Hi. I have an answer for this question however, not sure. In a certain lottery, 4 numbers between 1 and 10 inclusive are drawn. These are the winning numbers. How many different selections are possible? Assume that the order in which the numbers are drawn are not imprt. (10*9*8*7)/(1*2*3*4)=210.4! = 4*3*2*1= with 24 as the final answer??

You are choosing 4 from 10 or C(10,4) = 210

(why are you multiplying 210 by 4! ?
then the order would be important. )

Hello! It seems like you're trying to find out how many different selections are possible in a certain lottery where 4 numbers between 1 and 10 inclusive are drawn, and the order in which the numbers are drawn does not matter.

To calculate the number of different selections, you can use the concept of combinations. Since the order doesn't matter, we need to find the number of combinations of 4 numbers chosen from a set of 10 numbers.

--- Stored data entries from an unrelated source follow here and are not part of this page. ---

lemma rho_2_subset_central_span:
  "rho F S 2 \<subseteq> central_span F (F Mod rho F S 3) ((#>) (rho F S 3)) relator_comm offdiag"
proof -
  interpret \<pi>: group_hom F "F Mod rho F S 3" "(#>) (rho F S 3)"
    by (rule normal.group_hom_rcoset[OF rho_3_normal])
  let ?T = "central_span F (F Mod rho F S 3) ((#>) (rho F S 3)) relator_comm offdiag"
  have z: "relator_comm ` set offdiag \<subseteq> carrier F" using relator_comm_carrier by blast
  have T: "?T \<lhd> F"
    using \<pi>.central_span_normal[OF z] relator_comm_central_mod_rho_3 by blast
  have gens: "commutator F (relator i) (x j) \<in> ?T" if "i \<in> {1..t}" "j \<in> {1..t}" for i j
  proof (cases "i = j")
    case True
    then show ?thesis
      using that commutator_relator_x_self T normal_imp_subgroup subgroup.one_closed by metis
  next
    case False
    then have "(i, j) \<in> set offdiag" using that by (simp add: set_offdiag)
    then show ?thesis
      using \<pi>.central_span_incl[OF distinct_offdiag _ z, of "(i, j)"] by (simp add: relator_comm_def)
  qed
  have "commutator F r f \<in> ?T" if r: "r \<in> relator ` {1..t}" and f: "f \<in> carrier F" for r f
  proof -
    obtain i where i: "i \<in> {1..t}" and ri: "r = relator i" using r by blast
    show ?thesis
      using commutator_generate_right[OF T relator_carrier[OF i] _ _ f[folded free_group_onD(3)[OF free]]]
        gens[OF i] x_carrier ri by blast
  qed
  then have "comm_subgroup F (normal_closure F (relator ` {1..t})) (carrier F) \<subseteq> ?T"
    by (intro comm_subgroup_normal_closure_subset[OF T]) (auto simp: relator_carrier)
  then show ?thesis
    by (simp only: rho_2 S_eq_relators[symmetric])
qed

lemma exponent_relation:
  assumes P: "coord_hom (pow_prod F relator_comm offdiag n) = \<one>\<^bsub>heis\<^esub>" and ij: "(i, j) \<in> set offdiag"
  shows "n (i, j) * int (r i) = n (j, i) * int (r j)"
proof -
  have i: "i \<in> {1..t}" and j: "j \<in> {1..t}" and "i \<noteq> j" using ij by (auto simp: set_offdiag)
  have coord_l: "coord_hom (relator_comm l)
      = (\<lambda>k. 0, \<lambda>p q. int (r (fst l)) * (unit_vec (fst l) p * unit_vec (snd l) q - unit_vec (snd l) p * unit_vec (fst l) q))"
    if "l \<in> set offdiag" for l
    using that coord_commutator_relator by (auto simp: relator_comm_def set_offdiag)
  have z: "relator_comm ` set offdiag \<subseteq> carrier F" using relator_comm_carrier by blast
  have "coord_hom (pow_prod F relator_comm offdiag n)
      = (\<lambda>k. 0, \<lambda>p q. \<Sum>l\<leftarrow>offdiag. n l * snd (coord_hom (relator_comm l)) p q)"
    unfolding coord.hom_pow_prod[OF z] by (rule heis_pow_prod_of_fst_zero) (simp add: coord_l)
  then have "0 = (\<Sum>l\<leftarrow>offdiag. n l * snd (coord_hom (relator_comm l)) i j)"
    using P by (simp add: heis_one fun_eq_iff)
  also have "\<dots> = n (i, j) * snd (coord_hom (relator_comm (i, j))) i j
      + n (j, i) * snd (coord_hom (relator_comm (j, i))) i j"
    using ij \<open>i \<noteq> j\<close> by (intro sum_list_two_points distinct_offdiag)
      (auto simp: set_offdiag coord_l unit_vec_def)
  also have "\<dots> = n (i, j) * int (r i) - n (j, i) * int (r j)"
    using ij \<open>i \<noteq> j\<close> by (simp add: coord_l set_offdiag unit_vec_def)
  finally show ?thesis by simp
qed

abbreviation (input) Q3 :: "'a set monoid" where
  "Q3 \<equiv> F Mod rho F S 3"

lemma relator_comm_pow_mod_rho_3:
  assumes "(i, j) \<in> set offdiag"
  shows "(rho F S 3 #> relator_comm (i, j)) [^]\<^bsub>Q3\<^esub> r j = rho F S 3 #> commutator F (relator i) (relator j)"
proof -
  interpret \<pi>: group_hom F Q3 "(#>) (rho F S 3)" by (rule normal.group_hom_rcoset[OF rho_3_normal])
  have i: "i \<in> {1..t}" and j: "j \<in> {1..t}" using assms by (auto simp: set_offdiag)
  have c: "\<pi>.H.central (commutator Q3 (rho F S 3 #> relator i) (rho F S 3 #> x j))"
    using relator_comm_central_mod_rho_3[OF assms]
    by (simp add: relator_comm_def \<pi>.hom_commutator relator_carrier[OF i] x_carrier[OF j])
  have "(rho F S 3 #> relator_comm (i, j)) [^]\<^bsub>Q3\<^esub> r j
      = commutator Q3 (rho F S 3 #> relator i) (rho F S 3 #> x j) [^]\<^bsub>Q3\<^esub> r j"
    by (simp add: relator_comm_def \<pi>.hom_commutator relator_carrier[OF i] x_carrier[OF j])
  also have "\<dots> = commutator Q3 (rho F S 3 #> relator i) ((rho F S 3 #> x j) [^]\<^bsub>Q3\<^esub> r j)"
    using \<pi>.H.commutator_nat_pow_right[OF _ _ c] relator_carrier[OF i] x_carrier[OF j] by simp
  also have "(rho F S 3 #> x j) [^]\<^bsub>Q3\<^esub> r j = rho F S 3 #> relator j"
    by (simp add: relator_def \<pi>.hom_nat_pow x_carrier[OF j])
  also have "commutator Q3 (rho F S 3 #> relator i) (rho F S 3 #> relator j)
      = rho F S 3 #> commutator F (relator i) (relator j)"
    by (rule \<pi>.hom_commutator[symmetric]) (use relator_carrier i j in auto)
  finally show ?thesis .
qed

lemma pow_prod_swap_pair_mod_rho_3:
  assumes ij: "(i, j) \<in> set offdiag" and rel: "n (i, j) * int (r i) = n (j, i) * int (r j)"
  shows "pow_prod Q3 (\<lambda>l. rho F S 3 #> relator_comm l) [(i, j), (j, i)] n = \<one>\<^bsub>Q3\<^esub>"
proof -
  interpret \<pi>: group_hom F Q3 "(#>) (rho F S 3)" by (rule normal.group_hom_rcoset[OF rho_3_normal])
  have i: "i \<in> {1..t}" and j: "j \<in> {1..t}" and ji: "(j, i) \<in> set offdiag"
    using ij by (auto simp: set_offdiag)
  have "coprime (int (r i)) (int (r j))"
    using r_coprime i j ij by (auto simp: set_offdiag coprime_iff_gcd_eq_1)
  moreover have "int (r j) \<noteq> 0" using r_pos j by simp
  ultimately obtain m where m: "n (i, j) = int (r j) * m" "n (j, i) = int (r i) * m"
    using coprime_cross_mult_eq rel by blast
  define A where "A = (rho F S 3 #> relator_comm (i, j)) [^]\<^bsub>Q3\<^esub> r j"
  define B where "B = (rho F S 3 #> relator_comm (j, i)) [^]\<^bsub>Q3\<^esub> r i"
  have cA: "\<pi>.H.central A" "\<pi>.H.central B"
    unfolding A_def B_def using relator_comm_central_mod_rho_3 ij ji by (auto intro: \<pi>.H.central_nat_pow)
  have "A \<otimes>\<^bsub>Q3\<^esub> B
      = rho F S 3 #> (commutator F (relator i) (relator j) \<otimes> commutator F (relator j) (relator i))"
    unfolding A_def B_def relator_comm_pow_mod_rho_3[OF ij] relator_comm_pow_mod_rho_3[OF ji]
    by (rule \<pi>.hom_mult[symmetric]) (simp_all add: relator_carrier[OF i] relator_carrier[OF j])
  then have AB: "A \<otimes>\<^bsub>Q3\<^esub> B = \<one>\<^bsub>Q3\<^esub>"
    using commutator_mult_swap relator_carrier[OF i] relator_carrier[OF j] \<pi>.hom_one by simp
  have "pow_prod Q3 (\<lambda>l. rho F S 3 #> relator_comm l) [(i, j), (j, i)] n
      = A [^]\<^bsub>Q3\<^esub> m \<otimes>\<^bsub>Q3\<^esub> B [^]\<^bsub>Q3\<^esub> m"
    using relator_comm_carrier ij ji
    by (simp add: m A_def B_def \<pi>.H.int_pow_pow mult.commute del: mult_FactGroup one_FactGroup
        flip: int_pow_int)
  also have "\<dots> = (A \<otimes>\<^bsub>Q3\<^esub> B) [^]\<^bsub>Q3\<^esub> m"
    using cA by (intro \<pi>.H.int_pow_mult_distrib[symmetric] \<pi>.H.central_commute \<pi>.H.central_closed)
  finally show ?thesis by (simp only: AB \<pi>.H.int_pow_one)
qed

The formula for combinations is given by:

C(n, r) = n! / (r!(n-r)!),

where n is the total number of objects to choose from, and r is the number of objects to be chosen.

In this case, n = 10 (as there are 10 numbers to choose from) and r = 4 (as we need to choose 4 numbers).

Plugging in the values, we have:

C(10, 4) = 10! / (4!(10-4)!)
= 10! / (4! * 6!)

Now, let's calculate the factorials involved:

10! = 10 * 9 * 8 * 7 * 6 * 5 * 4 * 3 * 2 * 1
4! = 4 * 3 * 2 * 1
6! = 6 * 5 * 4 * 3 * 2 *1

Simplifying the expression further:

C(10, 4) = (10 * 9 * 8 * 7 * 6 * 5 * 4 * 3 * 2 * 1) / ((4 * 3 * 2 * 1) * (6 * 5 * 4 * 3 * 2 *1))

Now, let's cancel out the common factors:

C(10, 4) = (10 * 9 * 8 * 7) / (4 * 3 * 2 * 1)

Calculating the value:

C(10, 4) = 210

So, there are 210 different selections possible in this lottery.

Your calculation of (10*9*8*7)/(1*2*3*4) is correct, but the value of (10*9*8*7) is already equal to 5040, and not 210. Therefore, the correct answer is 210, not 24.